▸ EXERCISE OBJECTIVE
Below is a listing. Write out exactly its lines between the one holding "unfolding ex_tower_iff_alternating using" and the one holding "is_infinite_tower K L", inclusive.

▸ DATA SHOWN
--*--
lemma lift_Suc:
  assumes "decode_lifting G (X (Suc i)) (Y (Suc i))" "w (Suc i) \<in> Y (Suc i)"
    and "lift X w i \<in> lists G" "subseq (decode (lift X w i)) (w (Suc i))"
  shows "lift X w (Suc i) \<in> X (Suc i) \<and> subseq (lift X w i) (lift X w (Suc i))
    \<and> decode (lift X w (Suc i)) = w (Suc i)"
proof -
  have "\<forall>v\<in>Y (Suc i). \<forall>u\<in>lists G. subseq (decode u) v \<longrightarrow>
      (\<exists>v'\<in>X (Suc i). subseq u v' \<and> decode v' = v)"
    using assms(1) by (simp add: decode_lifting_def)
  then have "\<exists>v. v \<in> X (Suc i) \<and> subseq (lift X w i) v \<and> decode v = w (Suc i)"
    using assms(2-4) by blast
  then show ?thesis unfolding lift.simps by (rule someI_ex)
qed

lemma lift_correct:
  assumes lifting: "\<And>i. decode_lifting G (X i) (Y i)"
    and mem: "\<forall>i<r. w i \<in> Y i" and chain: "\<forall>i. Suc i < r \<longrightarrow> subseq (w i) (w (Suc i))"
  shows "k < r \<Longrightarrow> lift X w k \<in> X k \<and> decode (lift X w k) = w k"
    and "Suc k < r \<Longrightarrow> subseq (lift X w k) (lift X w (Suc k))"
proof -
  have X_lists: "X i \<subseteq> lists G" for i using lifting by (simp add: decode_lifting_def)
  have lifted: "lift X w k \<in> X k \<and> decode (lift X w k) = w k" if "k < r" for k
    using that
  proof (induction k)
    case 0
    then show ?case using lift_0 lifting mem by blast
  next
    case (Suc k)
    then have "lift X w k \<in> X k" "decode (lift X w k) = w k" by simp_all
    then show ?case
      using lift_Suc[where X = X and Y = Y and w = w and i = k, OF lifting] X_lists mem chain Suc.prems
      by auto
  qed
  then show "k < r \<Longrightarrow> lift X w k \<in> X k \<and> decode (lift X w k) = w k" .
  show "subseq (lift X w k) (lift X w (Suc k))" if "Suc k < r"
    using lifted[of k] lift_Suc[where X = X and Y = Y and w = w and i = k, OF lifting]
      X_lists mem chain that
    by auto
qed

context
  fixes G :: "nat set" and K L K' L' :: "nat list set"
  assumes lifting_K: "decode_lifting G K' K" and lifting_L: "decode_lifting G L' L"
begin

lemma alternating_decode: "alternating K' L' b w r \<Longrightarrow> alternating K L b (decode \<circ> w) r"
  using decode_lifting_side[OF lifting_K lifting_L]
  by (fastforce simp: alternating_def decode_lifting_def subseq_decode)

lemma alternating_lift:
  assumes "alternating K L b w r"
  shows "alternating K' L' b (lift (side K' L' b) w) r"
proof -
  have lifting: "decode_lifting G (side K' L' b i) (side K L b i)" for i
    using decode_lifting_side[OF lifting_K lifting_L] .
  have mem: "\<forall>i<r. w i \<in> side K L b i" and chain: "\<forall>i. Suc i < r \<longrightarrow> subseq (w i) (w (Suc i))"
    using assms by (simp_all add: alternating_def)
  show ?thesis using lift_correct[OF lifting mem chain] by (simp add: alternating_def)
qed

lemma ex_tower_iff_decode_lifting:
  "(\<exists>ws. is_tower K L ws \<and> length ws = r) \<longleftrightarrow> (\<exists>ws. is_tower K' L' ws \<and> length ws = r)"
  unfolding ex_tower_iff_alternating using alternating_decode alternating_lift by blast

lemma ex_infinite_tower_iff_decode_lifting:
  "(\<exists>w. is_infinite_tower K L w) \<longleftrightarrow> (\<exists>w. is_infinite_tower K' L' w)"
  unfolding ex_infinite_tower_iff_alternating using alternating_decode alternating_lift by blast

end

lemma reach_append: "reach T p (u @ v) q \<longleftrightarrow> (\<exists>r. reach T p u r \<and> reach T r v q)"
  by (induction u arbitrary: p) auto

lemma reach_letters: "reach T p w q \<Longrightarrow> T \<subseteq> UNIV \<times> A \<times> UNIV \<Longrightarrow> set w \<subseteq> A"
  by (induction w arbitrary: p) auto

definition rename_states :: "('s \<Rightarrow> 't) \<Rightarrow> ('s, 'a) nfa \<Rightarrow> ('t, 'a) nfa" where
  "rename_states f M = \<lparr>states = f ` states M, alphabet = alphabet M,
     trans = (\<lambda>(p, a, q). (f p, a, f q)) ` trans M, init = f ` init M, final = f ` final M\<rparr>"

lemma reach_rename_states:
  assumes "inj f"
  shows "reach ((\<lambda>(p, a, q). (f p, a, f q)) ` T) (f p) w (f q) \<longleftrightarrow> reach T p w q"
proof (induction w arbitrary: p)
  case Nil
  then show ?case using assms by (simp add: inj_eq)
next
  case (Cons a w)
  have "(f p, a, s) \<in> (\<lambda>(p, a, q). (f p, a, f q)) ` T \<longleftrightarrow> (\<exists>p'. s = f p' \<and> (p, a, p') \<in> T)" for s
    using assms by (force simp: inj_eq)
  then show ?case using Cons.IH by auto
qed

lemma lang_rename_states: "inj f \<Longrightarrow> lang (rename_states f M) = lang M"
  by (auto simp: lang_def rename_states_def reach_rename_states)

lemma is_dfa_rename_states: "inj f \<Longrightarrow> is_dfa M \<Longrightarrow> is_dfa (rename_states f M)"
  by (auto simp: is_dfa_def wf_nfa_def rename_states_def inj_eq)

lemma card_states_rename_states: "finite (states M) \<Longrightarrow> card (states (rename_states f M)) \<le> card (states M)"
  by (simp add: rename_states_def card_image_le)

section \<open>The lifting automaton\<close>

datatype state = Start | St nat | Mid nat nat

instance state :: countable by countable_datatype

definition lifting_states :: "(nat, nat) nfa \<Rightarrow> state set" where
  "lifting_states M = insert Start (St ` states M \<union> (\<lambda>(p, a). Mid p a) ` (states M \<times> alphabet M))"

text \<open>In \<open>Mid p a\<close> the letter \<open>a\<close> has been read in state \<open>p\<close> and the next letter must name
  a successor. The odd letters of \<open>G\<close> name the states of both automata of the pair, so the
  skipping loops in \<open>St p\<close> also absorb letters that are meaningful only to the other one.\<close>

definition lifting_trans :: "(nat, nat) nfa \<Rightarrow> nat set \<Rightarrow> (state \<times> nat \<times> state) set" where
  "lifting_trans M G =
     {(Start, 2 * p + 1, St p) | p. p \<in> init M} \<union>
     {(St p, 2 * a, Mid p a) | p a. p \<in> states M \<and> a \<in> alphabet M} \<union>
     {(St p, x, St p) | p x. p \<in> states M \<and> x \<in> G \<and> odd x} \<union>
     {(Mid p a, 2 * q + 1, St q) | p a q. (p, a, q) \<in> trans M}"

definition lifting_dfa :: "(nat, nat) nfa \<Rightarrow> nat set \<Rightarrow> (state, nat) nfa" where
  "lifting_dfa M G = \<lparr>states = lifting_states M, alphabet = G, trans = lifting_trans M G,
     init = {Start}, final = St ` final M\<rparr>"

lemma card_lifting_states:
  assumes "finite (states M)" "finite (alphabet M)"
  shows "card (lifting_states M) \<le> 1 + card (states M) + card (states M) * card (alphabet M)"
proof -
  let ?Mid = "(\<lambda>(p, a). Mid p a) ` (states M \<times> alphabet M)"
  have "card (lifting_states M) \<le> Suc (card (St ` states M \<union> ?Mid))"
    unfolding lifting_states_def using assms by (simp add: card_insert_if)
  also have "\<dots> \<le> Suc (card (St ` states M) + card ?Mid)"
    using card_Un_le by simp
  also have "\<dots> \<le> Suc (card (states M) + card (states M \<times> alphabet M))"
    using assms by (intro Suc_le_mono[THEN iffD2] add_mono card_image_le) auto
  finally show ?thesis by (simp add: card_cartesian_product)
qed

locale lifting_alphabet =
  fixes M :: "(nat, nat) nfa" and G :: "nat set"
  assumes wf: "wf_nfa M" and finite_G: "finite G"
    and letters_in_G: "a \<in> alphabet M \<Longrightarrow> 2 * a \<in> G"
    and states_in_G: "q \<in> states M \<Longrightarrow> 2 * q + 1 \<in> G"
    and even_in_G: "x \<in> G \<Longrightarrow> even x \<Longrightarrow> x div 2 \<in> alphabet M"
begin

lemma wf_nfa_lifting_dfa: "wf_nfa (lifting_dfa M G)"
  using wf letters_in_G states_in_G finite_G
  by (auto simp: wf_nfa_def lifting_dfa_def lifting_states_def lifting_trans_def)

lemma is_dfa_lifting_dfa: "is_dfa (lifting_dfa M G)"
  using wf_nfa_lifting_dfa by (auto simp: is_dfa_def lifting_dfa_def lifting_trans_def)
--*--
▸ SOLUTION
  unfolding ex_tower_iff_alternating using alternating_decode alternating_lift by blast

lemma ex_infinite_tower_iff_decode_lifting:
  "(\<exists>w. is_infinite_tower K L w) \<longleftrightarrow> (\<exists>w. is_infinite_tower K' L' w)"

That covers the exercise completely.